In recent months America has experienced our nation’s largest military call-up in over a decade. As military deployments end and service members return home, they and their employers alike are confronted with questions that accompany these returns.

In October 1994, Congress passed the Uniformed Services Employment and Reemployment Rights Act (USERRA), Chapter 43 of Title 38, U. S. Code. USERRA prohibits employment discrimination based on military service, articulates the rights, benefits and protections afforded to service members while on military leave and upon return from military leave, and governs the reemployment of service members upon completion of military service. USERRA also provides its own enforcement procedures to ensure compliance.

This article offers an overview of USERRA with helpful tables to assist our service members. It should be noted that some states have enacted laws providing more generous treatment to service members than are mandated under USERRA.

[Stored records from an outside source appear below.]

(* Let $(u_S,u_R)$ be a transparent environment satisfying no-duplicate-actions. If commitment has no value, then there exists a simple babbling cheap-talk equilibrium $(\sigma,\rho)$ with $U_S(\sigma,\rho)$ equal to the persuasion payoff.
   Context: $A$ and $\Omega$ are finite nonempty sets, $\mu_0$ a prior on $\Omega$ with $\mu_0(\omega)>0$ for all $\omega$, $M$ a finite message set with $|M|>\max\{|\Omega|,|A|\}$. An environment is a pair of functions $u_S,u_R:A\times\Omega\to[0,1]$. It is transparent if there is $v:A\to\mathbb R$ with $u_S(a,\omega)=v(a)$ for all $a,\omega$; it satisfies no-duplicate-actions if $v(a)\ne v(a')$ for all $a\ne a'$. Messaging strategies $\sigma:\Omega\to\Delta M$, action strategies $\rho:M\to\Delta A$, $U_i(\sigma,\rho)=\sum_{\omega,m,a}\mu_0(\omega)\sigma(m|\omega)\rho(a|m)u_i(a,\omega)$. $(\sigma,\rho)$ is S-BR if $\sigma\in\arg\max_{\sigma'}U_S(\sigma',\rho)$ and R-BR if $\rho\in\arg\max_{\rho'}U_R(\sigma,\rho')$; a cheap-talk equilibrium is both. Persuasion payoff: max of $U_S$ over R-BR profiles; cheap-talk payoff: max over cheap-talk equilibria; commitment has no value if they are equal. $M_\sigma=\{m:\sigma(m|\omega)>0\text{ for some }\omega\}$. A simple babbling cheap-talk equilibrium is a cheap-talk equilibrium $(\sigma,\rho)$ with $|M_\sigma|=1$ and some $a_0\in A$ such that $\rho(a_0|m)=1$ for all $m\in M$. *)

theory Defs
  imports Complex_Main "HOL-Library.Cardinality"
begin

definition is_dist :: "('x::finite \<Rightarrow> real) \<Rightarrow> bool" where
  "is_dist p \<longleftrightarrow> (\<forall>x. 0 \<le> p x) \<and> sum p UNIV = 1"

definition msg_strat :: "('w::finite \<Rightarrow> 'm::finite \<Rightarrow> real) \<Rightarrow> bool" where
  "msg_strat \<sigma> \<longleftrightarrow> (\<forall>w. is_dist (\<sigma> w))"

definition act_strat :: "('m::finite \<Rightarrow> 'a::finite \<Rightarrow> real) \<Rightarrow> bool" where
  "act_strat \<rho> \<longleftrightarrow> (\<forall>m. is_dist (\<rho> m))"

definition payoff ::
  "('w::finite \<Rightarrow> real) \<Rightarrow> ('a::finite \<Rightarrow> 'w \<Rightarrow> real) \<Rightarrow> ('w \<Rightarrow> 'm::finite \<Rightarrow> real)
     \<Rightarrow> ('m \<Rightarrow> 'a \<Rightarrow> real) \<Rightarrow> real" where
  "payoff \<mu> u \<sigma> \<rho> = (\<Sum>w\<in>UNIV. \<Sum>m\<in>UNIV. \<Sum>a\<in>UNIV. \<mu> w * \<sigma> w m * \<rho> m a * u a w)"

definition S_BR ::
  "('w::finite \<Rightarrow> real) \<Rightarrow> ('a::finite \<Rightarrow> 'w \<Rightarrow> real) \<Rightarrow> ('w \<Rightarrow> 'm::finite \<Rightarrow> real)
     \<Rightarrow> ('m \<Rightarrow> 'a \<Rightarrow> real) \<Rightarrow> bool" where
  "S_BR \<mu> uS \<sigma> \<rho> \<longleftrightarrow> msg_strat \<sigma> \<and> act_strat \<rho> \<and>
     (\<forall>\<sigma>'. msg_strat \<sigma>' \<longrightarrow> payoff \<mu> uS \<sigma>' \<rho> \<le> payoff \<mu> uS \<sigma> \<rho>)"

definition R_BR ::
  "('w::finite \<Rightarrow> real) \<Rightarrow> ('a::finite \<Rightarrow> 'w \<Rightarrow> real) \<Rightarrow> ('w \<Rightarrow> 'm::finite \<Rightarrow> real)
     \<Rightarrow> ('m \<Rightarrow> 'a \<Rightarrow> real) \<Rightarrow> bool" where
  "R_BR \<mu> uR \<sigma> \<rho> \<longleftrightarrow> msg_strat \<sigma> \<and> act_strat \<rho> \<and>
     (\<forall>\<rho>'. act_strat \<rho>' \<longrightarrow> payoff \<mu> uR \<sigma> \<rho>' \<le> payoff \<mu> uR \<sigma> \<rho>)"

definition cheap_talk_eq ::
  "('w::finite \<Rightarrow> real) \<Rightarrow> ('a::finite \<Rightarrow> 'w \<Rightarrow> real) \<Rightarrow> ('a \<Rightarrow> 'w \<Rightarrow> real)
     \<Rightarrow> ('w \<Rightarrow> 'm::finite \<Rightarrow> real) \<Rightarrow> ('m \<Rightarrow> 'a \<Rightarrow> real) \<Rightarrow> bool" where
  "cheap_talk_eq \<mu> uS uR \<sigma> \<rho> \<longleftrightarrow> S_BR \<mu> uS \<sigma> \<rho> \<and> R_BR \<mu> uR \<sigma> \<rho>"

text \<open>Persuasion payoff: the maximum (here written as the supremum, which is attained)
  of U_S over R-BR profiles; the message type is passed via a type annotation.\<close>

definition persuasion_payoff ::
  "('w::finite \<Rightarrow> real) \<Rightarrow> ('a::finite \<Rightarrow> 'w \<Rightarrow> real) \<Rightarrow> ('a \<Rightarrow> 'w \<Rightarrow> real)
     \<Rightarrow> 'm::finite itself \<Rightarrow> real" where
  "persuasion_payoff \<mu> uS uR (_::'m itself) =
     Sup {payoff \<mu> uS \<sigma> \<rho> | (\<sigma>::'w \<Rightarrow> 'm \<Rightarrow> real) \<rho>. R_BR \<mu> uR \<sigma> \<rho>}"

USERRA: Navigating Uncharted Legal WatersUSERRA: Navigating Uncharted Legal Waters

Since the Veteran’s Reemployment Rights Act (VRR) was replaced by USERRA, few courts have decided cases using USERRA. USERRA case decisions seem to be commonly relying on VRR rulings and legislative intent. There are, however, some cases that help navigate USERRA’s uncharted legal waters. Lapine v. Wellesley, 304 F.3d 90 (1st Cir. 2002) offers an analysis of legislative intent and Rogers v. City of San Antonio, Texas, 211 F.Supp.2d 829 (W.D. Tex. 2002) reviews VRR case history and current application of USERRA.

Using an abundance of caution, the court in Rogers, supra on March 24, 2003 issued an Order Granting Motion for Certification Under 28 U.S.C. § 1292(b), 2003 WL 1571550 (W.D. Tex.) allowing the parties to appeal two specific items to the Fifth Circuit Court of Appeals, before proceeding further. On May 2, 2003, the Petition for Permission to Appeal was filed. As of the printing of this article, the application of USERRA by the courts seems to remain unclear.


Employee—Service Members

The terms of USERRA are broad, applying to anyone in the uniformed services, whether voluntary or involuntary, who was employed in any non-temporary position even for only one day prior to being called up.

“Service” in the uniformed services is defined as the performance of duty on a voluntary or involuntary basis in a uniformed service, including active duty, active duty for training, initial active duty for training, inactive duty for training, full-time National Guard duty, absence from work for an examination to determine an individual’s fitness for any of the named types of duty, funeral honors duty performed by National Guard or reserve members, duty performed by intermittent disaster response personnel for the Public Health Service, and approved training to prepare for such service.

“Uniformed services” consist of the United States Army, Navy, Marine Corps, Air Force, Coast Guard, Army Reserve, Naval Reserve, Marine Corps Reserve, Air Force Reserve, Coast Guard Reserve, Army National Guard, Air National Guard, commissioned corps of the Public Health Service, and any other category of persons designated by the President in time of war or national emergency. Part time, full time and probationary employees are protected under USERRA.

Employers—Public & Private

USERRA applies to all public and private employers and their successors, regardless of size or location in the world. USERRA does not require the employer to be involved in interstate commerce or to employ a minimum number of employees to apply. The employer must grant an employee leave to fulfill his or her military obligations whether the employee’s service is voluntary or involuntary. Employers are prohibited from interfering with the frequency or length of military leave taken by its employees.

Invoking Protected Rights

Procedures by Service Member
A service member is entitled to rights furnished by USERRA provided that the service member meets the criteria outlined in Table 1.

Advance Notice to the Employer

The service member, or an appropriate military officer, must provide advance written or verbal notice to the employer of all military duty, unless giving notice is impossible, unreasonable, or precluded by military necessity. The law requires “advance” notice, but does not specifically address how far in advance notice must be given.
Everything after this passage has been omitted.